◆ **Action item**:
Word for word, retype the tail of the data below, starting with the line that has "using sums[rule_format, of" and including the last line.

** Opening Task data block **

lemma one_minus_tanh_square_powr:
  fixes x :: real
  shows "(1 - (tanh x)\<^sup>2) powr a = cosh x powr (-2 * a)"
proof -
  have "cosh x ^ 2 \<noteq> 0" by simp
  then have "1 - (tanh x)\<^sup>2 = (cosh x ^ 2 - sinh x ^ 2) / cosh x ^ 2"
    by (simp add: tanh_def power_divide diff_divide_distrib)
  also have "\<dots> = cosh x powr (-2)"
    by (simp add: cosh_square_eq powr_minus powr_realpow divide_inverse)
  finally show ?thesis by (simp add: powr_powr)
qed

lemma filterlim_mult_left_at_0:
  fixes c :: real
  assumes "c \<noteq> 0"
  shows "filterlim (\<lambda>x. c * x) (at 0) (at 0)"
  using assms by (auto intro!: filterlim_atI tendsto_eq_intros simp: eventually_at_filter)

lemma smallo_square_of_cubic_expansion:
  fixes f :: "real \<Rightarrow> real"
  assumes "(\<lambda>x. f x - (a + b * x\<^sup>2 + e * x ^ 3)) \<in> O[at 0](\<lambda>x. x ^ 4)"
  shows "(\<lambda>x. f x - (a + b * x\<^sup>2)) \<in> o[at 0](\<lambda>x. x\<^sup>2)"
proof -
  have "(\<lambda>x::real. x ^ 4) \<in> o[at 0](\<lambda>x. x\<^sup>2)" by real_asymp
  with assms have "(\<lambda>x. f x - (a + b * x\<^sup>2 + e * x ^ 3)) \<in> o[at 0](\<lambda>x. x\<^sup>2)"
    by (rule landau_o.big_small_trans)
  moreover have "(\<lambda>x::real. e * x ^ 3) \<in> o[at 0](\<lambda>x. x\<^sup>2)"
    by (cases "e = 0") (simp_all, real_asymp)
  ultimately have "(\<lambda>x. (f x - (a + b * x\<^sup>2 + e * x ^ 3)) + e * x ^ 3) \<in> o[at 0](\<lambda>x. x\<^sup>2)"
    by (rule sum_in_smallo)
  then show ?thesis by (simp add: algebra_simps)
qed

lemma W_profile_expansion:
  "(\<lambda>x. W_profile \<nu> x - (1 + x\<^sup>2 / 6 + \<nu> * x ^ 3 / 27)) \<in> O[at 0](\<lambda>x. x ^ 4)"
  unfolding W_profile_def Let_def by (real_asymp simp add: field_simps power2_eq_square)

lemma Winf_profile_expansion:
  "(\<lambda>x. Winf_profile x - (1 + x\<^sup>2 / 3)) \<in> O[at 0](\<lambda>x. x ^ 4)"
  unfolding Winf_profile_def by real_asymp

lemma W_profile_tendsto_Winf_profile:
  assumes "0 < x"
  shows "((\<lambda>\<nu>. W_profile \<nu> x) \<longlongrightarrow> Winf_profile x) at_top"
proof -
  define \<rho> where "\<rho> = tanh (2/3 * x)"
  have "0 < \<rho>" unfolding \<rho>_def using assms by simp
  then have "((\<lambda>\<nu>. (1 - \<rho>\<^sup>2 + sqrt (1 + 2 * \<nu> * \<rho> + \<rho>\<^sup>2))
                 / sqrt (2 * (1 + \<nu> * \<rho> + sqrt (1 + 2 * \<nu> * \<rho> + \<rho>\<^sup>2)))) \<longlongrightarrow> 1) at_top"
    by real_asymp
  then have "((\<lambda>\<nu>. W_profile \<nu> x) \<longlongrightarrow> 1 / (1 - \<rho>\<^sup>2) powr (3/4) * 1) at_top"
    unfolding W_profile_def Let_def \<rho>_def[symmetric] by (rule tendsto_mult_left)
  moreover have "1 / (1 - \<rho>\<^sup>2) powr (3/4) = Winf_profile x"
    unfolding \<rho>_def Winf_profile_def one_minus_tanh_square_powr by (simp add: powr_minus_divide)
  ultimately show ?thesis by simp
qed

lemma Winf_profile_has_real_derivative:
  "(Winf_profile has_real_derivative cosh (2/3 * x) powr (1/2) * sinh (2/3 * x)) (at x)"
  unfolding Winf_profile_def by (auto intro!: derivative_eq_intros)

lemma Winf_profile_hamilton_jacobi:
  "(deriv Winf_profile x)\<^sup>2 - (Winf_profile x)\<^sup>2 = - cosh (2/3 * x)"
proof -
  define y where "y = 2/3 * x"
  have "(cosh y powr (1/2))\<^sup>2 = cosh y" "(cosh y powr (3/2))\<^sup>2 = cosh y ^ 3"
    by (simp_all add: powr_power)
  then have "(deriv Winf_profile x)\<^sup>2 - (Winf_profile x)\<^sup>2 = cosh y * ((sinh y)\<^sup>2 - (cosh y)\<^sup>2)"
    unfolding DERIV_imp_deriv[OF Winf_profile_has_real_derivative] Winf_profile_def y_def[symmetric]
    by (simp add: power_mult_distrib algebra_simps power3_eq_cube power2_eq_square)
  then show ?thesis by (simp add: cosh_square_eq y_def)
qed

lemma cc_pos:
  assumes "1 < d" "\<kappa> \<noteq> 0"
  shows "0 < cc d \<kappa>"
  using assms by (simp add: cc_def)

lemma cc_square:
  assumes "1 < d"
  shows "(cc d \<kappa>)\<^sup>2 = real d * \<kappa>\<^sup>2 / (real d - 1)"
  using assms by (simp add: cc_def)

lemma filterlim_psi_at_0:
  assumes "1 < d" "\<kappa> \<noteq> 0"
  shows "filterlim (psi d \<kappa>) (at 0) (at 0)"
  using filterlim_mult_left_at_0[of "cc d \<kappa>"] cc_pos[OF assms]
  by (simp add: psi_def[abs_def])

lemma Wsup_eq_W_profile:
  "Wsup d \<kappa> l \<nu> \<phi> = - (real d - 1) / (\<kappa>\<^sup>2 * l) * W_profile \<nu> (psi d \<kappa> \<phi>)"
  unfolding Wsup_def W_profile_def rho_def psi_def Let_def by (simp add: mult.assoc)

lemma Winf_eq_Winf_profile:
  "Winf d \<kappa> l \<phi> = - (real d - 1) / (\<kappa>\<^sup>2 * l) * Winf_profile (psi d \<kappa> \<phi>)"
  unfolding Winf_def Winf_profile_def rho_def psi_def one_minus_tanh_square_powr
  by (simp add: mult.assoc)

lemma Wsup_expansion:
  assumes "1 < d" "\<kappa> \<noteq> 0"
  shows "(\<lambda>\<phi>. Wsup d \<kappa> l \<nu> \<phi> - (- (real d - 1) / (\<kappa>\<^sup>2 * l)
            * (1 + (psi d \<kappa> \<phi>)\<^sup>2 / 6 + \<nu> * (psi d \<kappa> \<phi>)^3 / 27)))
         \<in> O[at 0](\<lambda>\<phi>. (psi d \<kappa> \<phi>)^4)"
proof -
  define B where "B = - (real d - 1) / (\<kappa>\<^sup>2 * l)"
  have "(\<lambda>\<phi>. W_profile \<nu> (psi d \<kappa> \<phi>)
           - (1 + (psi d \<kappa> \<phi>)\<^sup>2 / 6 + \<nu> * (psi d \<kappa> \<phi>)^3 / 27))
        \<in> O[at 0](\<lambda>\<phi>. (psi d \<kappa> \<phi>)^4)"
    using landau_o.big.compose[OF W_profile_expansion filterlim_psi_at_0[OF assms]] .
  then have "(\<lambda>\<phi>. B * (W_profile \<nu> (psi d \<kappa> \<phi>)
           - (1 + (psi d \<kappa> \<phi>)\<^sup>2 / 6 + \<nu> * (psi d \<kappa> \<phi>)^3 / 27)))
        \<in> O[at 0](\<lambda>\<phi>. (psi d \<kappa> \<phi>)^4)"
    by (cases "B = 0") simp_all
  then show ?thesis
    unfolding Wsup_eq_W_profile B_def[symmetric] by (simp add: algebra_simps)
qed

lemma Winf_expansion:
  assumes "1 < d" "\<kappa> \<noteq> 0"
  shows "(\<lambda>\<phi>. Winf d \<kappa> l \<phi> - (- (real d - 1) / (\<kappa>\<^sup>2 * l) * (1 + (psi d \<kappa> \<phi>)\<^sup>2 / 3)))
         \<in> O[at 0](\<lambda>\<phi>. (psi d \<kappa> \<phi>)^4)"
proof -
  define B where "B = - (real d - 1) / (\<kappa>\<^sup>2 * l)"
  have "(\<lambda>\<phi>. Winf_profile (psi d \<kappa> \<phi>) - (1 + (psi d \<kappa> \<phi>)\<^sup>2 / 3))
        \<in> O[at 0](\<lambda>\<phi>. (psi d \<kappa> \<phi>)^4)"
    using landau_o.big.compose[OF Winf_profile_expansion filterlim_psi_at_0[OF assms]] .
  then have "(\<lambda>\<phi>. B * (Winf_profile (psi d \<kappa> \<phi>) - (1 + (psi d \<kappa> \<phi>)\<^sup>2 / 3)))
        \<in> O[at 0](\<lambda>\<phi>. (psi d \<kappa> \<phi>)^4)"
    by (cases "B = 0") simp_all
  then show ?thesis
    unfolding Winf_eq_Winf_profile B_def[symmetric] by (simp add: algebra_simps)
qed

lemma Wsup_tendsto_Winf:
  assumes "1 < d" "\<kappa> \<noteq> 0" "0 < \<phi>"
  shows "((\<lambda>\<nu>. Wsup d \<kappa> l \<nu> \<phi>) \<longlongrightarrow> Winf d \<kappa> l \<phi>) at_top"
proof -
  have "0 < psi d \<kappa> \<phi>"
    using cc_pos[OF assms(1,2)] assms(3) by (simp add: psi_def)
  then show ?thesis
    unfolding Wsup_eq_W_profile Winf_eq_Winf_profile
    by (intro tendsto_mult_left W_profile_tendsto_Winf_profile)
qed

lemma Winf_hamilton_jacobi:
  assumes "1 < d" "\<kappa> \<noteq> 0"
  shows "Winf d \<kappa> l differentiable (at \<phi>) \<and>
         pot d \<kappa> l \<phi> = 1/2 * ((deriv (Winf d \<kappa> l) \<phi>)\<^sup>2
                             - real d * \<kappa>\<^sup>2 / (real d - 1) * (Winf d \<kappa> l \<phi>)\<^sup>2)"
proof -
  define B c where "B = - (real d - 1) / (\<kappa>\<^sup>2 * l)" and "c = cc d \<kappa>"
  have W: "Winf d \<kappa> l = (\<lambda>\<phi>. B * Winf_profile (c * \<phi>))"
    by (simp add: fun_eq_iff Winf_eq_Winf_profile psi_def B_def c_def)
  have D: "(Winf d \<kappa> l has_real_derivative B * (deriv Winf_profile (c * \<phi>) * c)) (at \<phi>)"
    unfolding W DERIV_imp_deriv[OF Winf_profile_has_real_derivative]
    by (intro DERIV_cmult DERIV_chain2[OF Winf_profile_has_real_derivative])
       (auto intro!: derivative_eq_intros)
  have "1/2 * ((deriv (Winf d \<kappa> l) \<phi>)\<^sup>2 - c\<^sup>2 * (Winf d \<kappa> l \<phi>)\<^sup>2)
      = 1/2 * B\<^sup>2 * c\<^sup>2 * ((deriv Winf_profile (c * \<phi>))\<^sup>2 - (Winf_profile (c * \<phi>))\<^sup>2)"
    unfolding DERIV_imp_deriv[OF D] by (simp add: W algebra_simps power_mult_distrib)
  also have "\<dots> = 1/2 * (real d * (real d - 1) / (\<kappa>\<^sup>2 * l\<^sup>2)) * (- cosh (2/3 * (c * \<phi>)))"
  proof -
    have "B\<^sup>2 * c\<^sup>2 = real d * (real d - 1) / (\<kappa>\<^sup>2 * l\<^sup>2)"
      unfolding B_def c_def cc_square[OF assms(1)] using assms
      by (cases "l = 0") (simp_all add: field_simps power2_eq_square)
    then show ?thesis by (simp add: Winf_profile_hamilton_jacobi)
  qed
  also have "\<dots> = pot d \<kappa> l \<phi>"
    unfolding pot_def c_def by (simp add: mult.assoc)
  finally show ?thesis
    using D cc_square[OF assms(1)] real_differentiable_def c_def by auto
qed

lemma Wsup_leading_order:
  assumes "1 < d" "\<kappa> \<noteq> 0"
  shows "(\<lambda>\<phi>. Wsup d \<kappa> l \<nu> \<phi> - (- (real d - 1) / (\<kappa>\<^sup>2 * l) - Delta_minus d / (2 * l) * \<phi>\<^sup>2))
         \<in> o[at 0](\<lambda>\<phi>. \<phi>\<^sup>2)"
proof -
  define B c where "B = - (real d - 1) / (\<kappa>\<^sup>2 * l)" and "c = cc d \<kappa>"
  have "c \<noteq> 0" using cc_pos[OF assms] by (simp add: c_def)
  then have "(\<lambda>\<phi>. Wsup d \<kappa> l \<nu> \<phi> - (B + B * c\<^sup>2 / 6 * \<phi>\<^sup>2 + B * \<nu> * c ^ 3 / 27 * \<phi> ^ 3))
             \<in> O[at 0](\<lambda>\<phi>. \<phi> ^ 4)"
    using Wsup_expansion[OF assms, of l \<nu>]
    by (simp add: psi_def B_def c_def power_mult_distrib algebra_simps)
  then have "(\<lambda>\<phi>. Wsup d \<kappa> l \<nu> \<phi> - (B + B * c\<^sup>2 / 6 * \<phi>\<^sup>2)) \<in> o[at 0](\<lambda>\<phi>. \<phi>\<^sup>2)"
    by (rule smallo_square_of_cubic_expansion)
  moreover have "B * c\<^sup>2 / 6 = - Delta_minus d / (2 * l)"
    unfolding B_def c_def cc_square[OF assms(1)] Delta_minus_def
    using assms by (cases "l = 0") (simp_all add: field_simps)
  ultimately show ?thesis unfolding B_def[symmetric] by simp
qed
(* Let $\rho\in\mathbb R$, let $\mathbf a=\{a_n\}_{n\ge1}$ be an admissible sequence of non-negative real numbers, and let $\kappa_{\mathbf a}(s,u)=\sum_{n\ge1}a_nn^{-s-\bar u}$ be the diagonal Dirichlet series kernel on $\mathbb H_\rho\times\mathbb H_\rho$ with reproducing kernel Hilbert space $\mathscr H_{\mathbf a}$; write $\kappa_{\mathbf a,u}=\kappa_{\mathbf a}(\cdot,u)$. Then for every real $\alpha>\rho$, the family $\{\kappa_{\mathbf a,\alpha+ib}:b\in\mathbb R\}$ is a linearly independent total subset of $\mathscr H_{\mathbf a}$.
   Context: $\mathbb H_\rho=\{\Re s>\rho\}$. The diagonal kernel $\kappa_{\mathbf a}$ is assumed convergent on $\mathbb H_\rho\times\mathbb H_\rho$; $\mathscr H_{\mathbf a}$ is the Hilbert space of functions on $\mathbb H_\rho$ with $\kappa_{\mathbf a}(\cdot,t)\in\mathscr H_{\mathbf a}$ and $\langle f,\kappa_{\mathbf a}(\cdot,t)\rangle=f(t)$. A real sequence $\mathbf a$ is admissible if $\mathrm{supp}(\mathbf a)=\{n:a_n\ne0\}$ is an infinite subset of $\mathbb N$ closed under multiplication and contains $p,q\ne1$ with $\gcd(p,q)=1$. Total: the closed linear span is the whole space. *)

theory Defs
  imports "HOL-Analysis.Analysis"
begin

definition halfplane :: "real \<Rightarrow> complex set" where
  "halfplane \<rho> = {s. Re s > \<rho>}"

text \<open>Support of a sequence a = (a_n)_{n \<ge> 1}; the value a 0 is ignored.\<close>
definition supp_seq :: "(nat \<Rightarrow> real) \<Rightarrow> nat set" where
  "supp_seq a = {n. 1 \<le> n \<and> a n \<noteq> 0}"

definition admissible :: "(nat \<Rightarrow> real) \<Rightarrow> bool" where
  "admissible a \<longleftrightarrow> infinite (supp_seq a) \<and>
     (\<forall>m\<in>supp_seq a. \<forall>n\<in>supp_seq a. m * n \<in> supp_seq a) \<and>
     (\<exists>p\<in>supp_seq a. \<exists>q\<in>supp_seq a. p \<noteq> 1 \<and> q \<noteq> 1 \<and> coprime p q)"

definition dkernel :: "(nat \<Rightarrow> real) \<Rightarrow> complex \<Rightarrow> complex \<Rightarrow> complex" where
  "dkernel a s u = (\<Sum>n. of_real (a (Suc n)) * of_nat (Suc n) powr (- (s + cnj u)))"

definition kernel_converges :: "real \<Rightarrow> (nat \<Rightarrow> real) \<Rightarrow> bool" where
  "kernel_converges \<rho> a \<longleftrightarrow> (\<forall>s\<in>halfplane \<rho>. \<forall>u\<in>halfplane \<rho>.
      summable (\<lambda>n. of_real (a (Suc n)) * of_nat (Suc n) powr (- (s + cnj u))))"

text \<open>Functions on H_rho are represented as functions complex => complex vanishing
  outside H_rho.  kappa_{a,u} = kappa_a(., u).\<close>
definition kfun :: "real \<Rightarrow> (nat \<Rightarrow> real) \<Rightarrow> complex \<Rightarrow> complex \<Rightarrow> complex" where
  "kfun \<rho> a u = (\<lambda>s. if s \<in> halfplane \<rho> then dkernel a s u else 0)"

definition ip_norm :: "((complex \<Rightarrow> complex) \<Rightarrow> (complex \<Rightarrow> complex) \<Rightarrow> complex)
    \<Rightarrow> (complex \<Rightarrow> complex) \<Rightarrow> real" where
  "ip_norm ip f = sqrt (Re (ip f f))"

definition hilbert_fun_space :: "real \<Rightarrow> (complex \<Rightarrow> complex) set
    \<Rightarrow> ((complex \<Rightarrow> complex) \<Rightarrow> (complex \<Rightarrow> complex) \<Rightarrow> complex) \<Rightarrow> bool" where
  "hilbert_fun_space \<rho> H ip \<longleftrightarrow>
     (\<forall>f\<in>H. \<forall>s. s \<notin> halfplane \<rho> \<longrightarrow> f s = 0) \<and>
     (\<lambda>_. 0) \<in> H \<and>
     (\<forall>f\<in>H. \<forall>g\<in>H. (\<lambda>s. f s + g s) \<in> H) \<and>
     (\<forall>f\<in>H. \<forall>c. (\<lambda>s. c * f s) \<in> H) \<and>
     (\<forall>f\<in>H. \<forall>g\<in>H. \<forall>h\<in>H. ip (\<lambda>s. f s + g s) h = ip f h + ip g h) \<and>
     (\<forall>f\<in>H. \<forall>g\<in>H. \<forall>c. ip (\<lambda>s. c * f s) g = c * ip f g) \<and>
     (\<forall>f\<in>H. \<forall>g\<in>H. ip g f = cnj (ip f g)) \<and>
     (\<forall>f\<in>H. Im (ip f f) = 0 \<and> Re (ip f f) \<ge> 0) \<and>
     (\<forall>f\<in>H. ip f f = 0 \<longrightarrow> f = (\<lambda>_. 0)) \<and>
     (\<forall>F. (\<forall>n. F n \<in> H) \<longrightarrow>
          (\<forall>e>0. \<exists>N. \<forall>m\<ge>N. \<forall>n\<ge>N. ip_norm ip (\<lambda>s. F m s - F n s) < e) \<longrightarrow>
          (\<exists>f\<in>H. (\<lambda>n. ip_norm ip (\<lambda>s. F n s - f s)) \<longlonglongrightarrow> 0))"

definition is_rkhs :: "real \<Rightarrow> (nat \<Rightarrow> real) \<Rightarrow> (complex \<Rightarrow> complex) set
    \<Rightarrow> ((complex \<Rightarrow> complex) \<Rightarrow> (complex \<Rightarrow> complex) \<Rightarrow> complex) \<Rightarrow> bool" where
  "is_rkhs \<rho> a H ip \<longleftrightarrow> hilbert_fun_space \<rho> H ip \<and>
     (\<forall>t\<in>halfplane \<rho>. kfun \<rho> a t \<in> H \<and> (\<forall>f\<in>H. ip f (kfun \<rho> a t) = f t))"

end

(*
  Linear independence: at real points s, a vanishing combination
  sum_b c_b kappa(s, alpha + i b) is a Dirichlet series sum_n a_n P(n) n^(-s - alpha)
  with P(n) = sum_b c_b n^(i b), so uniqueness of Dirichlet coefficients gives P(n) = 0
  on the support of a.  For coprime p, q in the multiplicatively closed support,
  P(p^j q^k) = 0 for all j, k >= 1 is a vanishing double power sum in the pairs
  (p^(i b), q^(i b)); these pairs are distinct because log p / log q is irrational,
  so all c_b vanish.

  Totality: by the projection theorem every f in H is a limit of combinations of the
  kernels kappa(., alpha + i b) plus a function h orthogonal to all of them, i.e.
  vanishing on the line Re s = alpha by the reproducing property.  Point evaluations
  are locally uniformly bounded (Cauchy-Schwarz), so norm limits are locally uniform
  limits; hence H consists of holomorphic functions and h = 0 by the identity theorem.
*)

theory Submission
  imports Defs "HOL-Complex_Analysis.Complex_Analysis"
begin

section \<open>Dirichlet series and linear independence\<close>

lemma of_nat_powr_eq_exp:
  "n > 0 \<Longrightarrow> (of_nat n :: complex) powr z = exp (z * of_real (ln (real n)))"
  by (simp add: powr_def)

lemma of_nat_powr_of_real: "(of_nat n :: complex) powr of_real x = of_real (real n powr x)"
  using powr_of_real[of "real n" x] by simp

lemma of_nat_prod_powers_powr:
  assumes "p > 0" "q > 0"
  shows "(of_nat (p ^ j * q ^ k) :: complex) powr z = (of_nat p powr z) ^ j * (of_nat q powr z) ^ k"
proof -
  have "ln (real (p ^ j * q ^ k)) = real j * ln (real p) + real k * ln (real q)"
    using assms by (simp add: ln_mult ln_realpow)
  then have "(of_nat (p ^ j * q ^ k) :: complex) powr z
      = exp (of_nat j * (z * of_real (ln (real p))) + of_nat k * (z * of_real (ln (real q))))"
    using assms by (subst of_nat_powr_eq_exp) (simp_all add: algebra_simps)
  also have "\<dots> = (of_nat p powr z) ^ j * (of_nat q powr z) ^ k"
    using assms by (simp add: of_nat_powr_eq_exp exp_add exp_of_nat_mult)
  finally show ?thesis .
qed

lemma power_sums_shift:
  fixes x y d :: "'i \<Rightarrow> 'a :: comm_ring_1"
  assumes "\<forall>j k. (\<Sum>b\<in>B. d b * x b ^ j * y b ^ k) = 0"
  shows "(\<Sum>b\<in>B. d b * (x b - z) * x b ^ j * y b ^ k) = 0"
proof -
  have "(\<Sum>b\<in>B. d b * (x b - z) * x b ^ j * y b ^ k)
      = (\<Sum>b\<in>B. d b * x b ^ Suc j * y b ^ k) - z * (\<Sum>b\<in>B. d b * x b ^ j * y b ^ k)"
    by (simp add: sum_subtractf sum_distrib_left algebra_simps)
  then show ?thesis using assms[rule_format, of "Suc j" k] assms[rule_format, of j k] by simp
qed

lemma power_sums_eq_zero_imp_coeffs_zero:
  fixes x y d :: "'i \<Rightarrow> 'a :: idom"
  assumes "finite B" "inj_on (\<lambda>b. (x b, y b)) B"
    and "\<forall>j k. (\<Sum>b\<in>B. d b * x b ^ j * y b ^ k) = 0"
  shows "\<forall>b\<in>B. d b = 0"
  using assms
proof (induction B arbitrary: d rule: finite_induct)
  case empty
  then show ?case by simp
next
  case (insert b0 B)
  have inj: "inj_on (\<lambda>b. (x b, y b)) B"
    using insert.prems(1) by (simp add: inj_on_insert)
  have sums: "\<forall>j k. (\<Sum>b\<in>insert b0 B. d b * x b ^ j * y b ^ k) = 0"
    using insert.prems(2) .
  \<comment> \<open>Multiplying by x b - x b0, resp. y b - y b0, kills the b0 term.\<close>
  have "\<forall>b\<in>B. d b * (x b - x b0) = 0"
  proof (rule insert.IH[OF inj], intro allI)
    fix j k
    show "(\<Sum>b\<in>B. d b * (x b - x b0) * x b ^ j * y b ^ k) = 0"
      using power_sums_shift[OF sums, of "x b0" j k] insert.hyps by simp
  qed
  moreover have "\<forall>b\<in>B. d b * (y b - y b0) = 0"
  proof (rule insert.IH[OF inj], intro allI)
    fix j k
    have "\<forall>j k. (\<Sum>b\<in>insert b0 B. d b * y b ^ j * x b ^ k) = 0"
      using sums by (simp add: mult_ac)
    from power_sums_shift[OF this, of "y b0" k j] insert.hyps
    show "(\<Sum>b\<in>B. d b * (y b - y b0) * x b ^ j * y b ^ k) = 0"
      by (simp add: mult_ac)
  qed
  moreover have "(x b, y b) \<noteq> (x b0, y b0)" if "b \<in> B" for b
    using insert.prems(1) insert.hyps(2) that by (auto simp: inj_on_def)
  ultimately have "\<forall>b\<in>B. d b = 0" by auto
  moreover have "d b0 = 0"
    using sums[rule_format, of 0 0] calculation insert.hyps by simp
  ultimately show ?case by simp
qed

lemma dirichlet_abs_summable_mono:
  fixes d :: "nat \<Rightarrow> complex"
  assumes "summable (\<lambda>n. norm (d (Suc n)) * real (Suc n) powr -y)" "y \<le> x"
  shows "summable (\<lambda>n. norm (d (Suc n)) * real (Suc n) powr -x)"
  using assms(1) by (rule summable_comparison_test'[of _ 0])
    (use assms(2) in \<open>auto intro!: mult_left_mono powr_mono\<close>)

** Closing Task data block **

◆ **Solution**:
    using sums[rule_format, of 0 0] calculation insert.hyps by simp
  ultimately show ?case by simp
qed

lemma dirichlet_abs_summable_mono:
  fixes d :: "nat \<Rightarrow> complex"
  assumes "summable (\<lambda>n. norm (d (Suc n)) * real (Suc n) powr -y)" "y \<le> x"
  shows "summable (\<lambda>n. norm (d (Suc n)) * real (Suc n) powr -x)"
  using assms(1) by (rule summable_comparison_test'[of _ 0])
    (use assms(2) in \<open>auto intro!: mult_left_mono powr_mono\<close>)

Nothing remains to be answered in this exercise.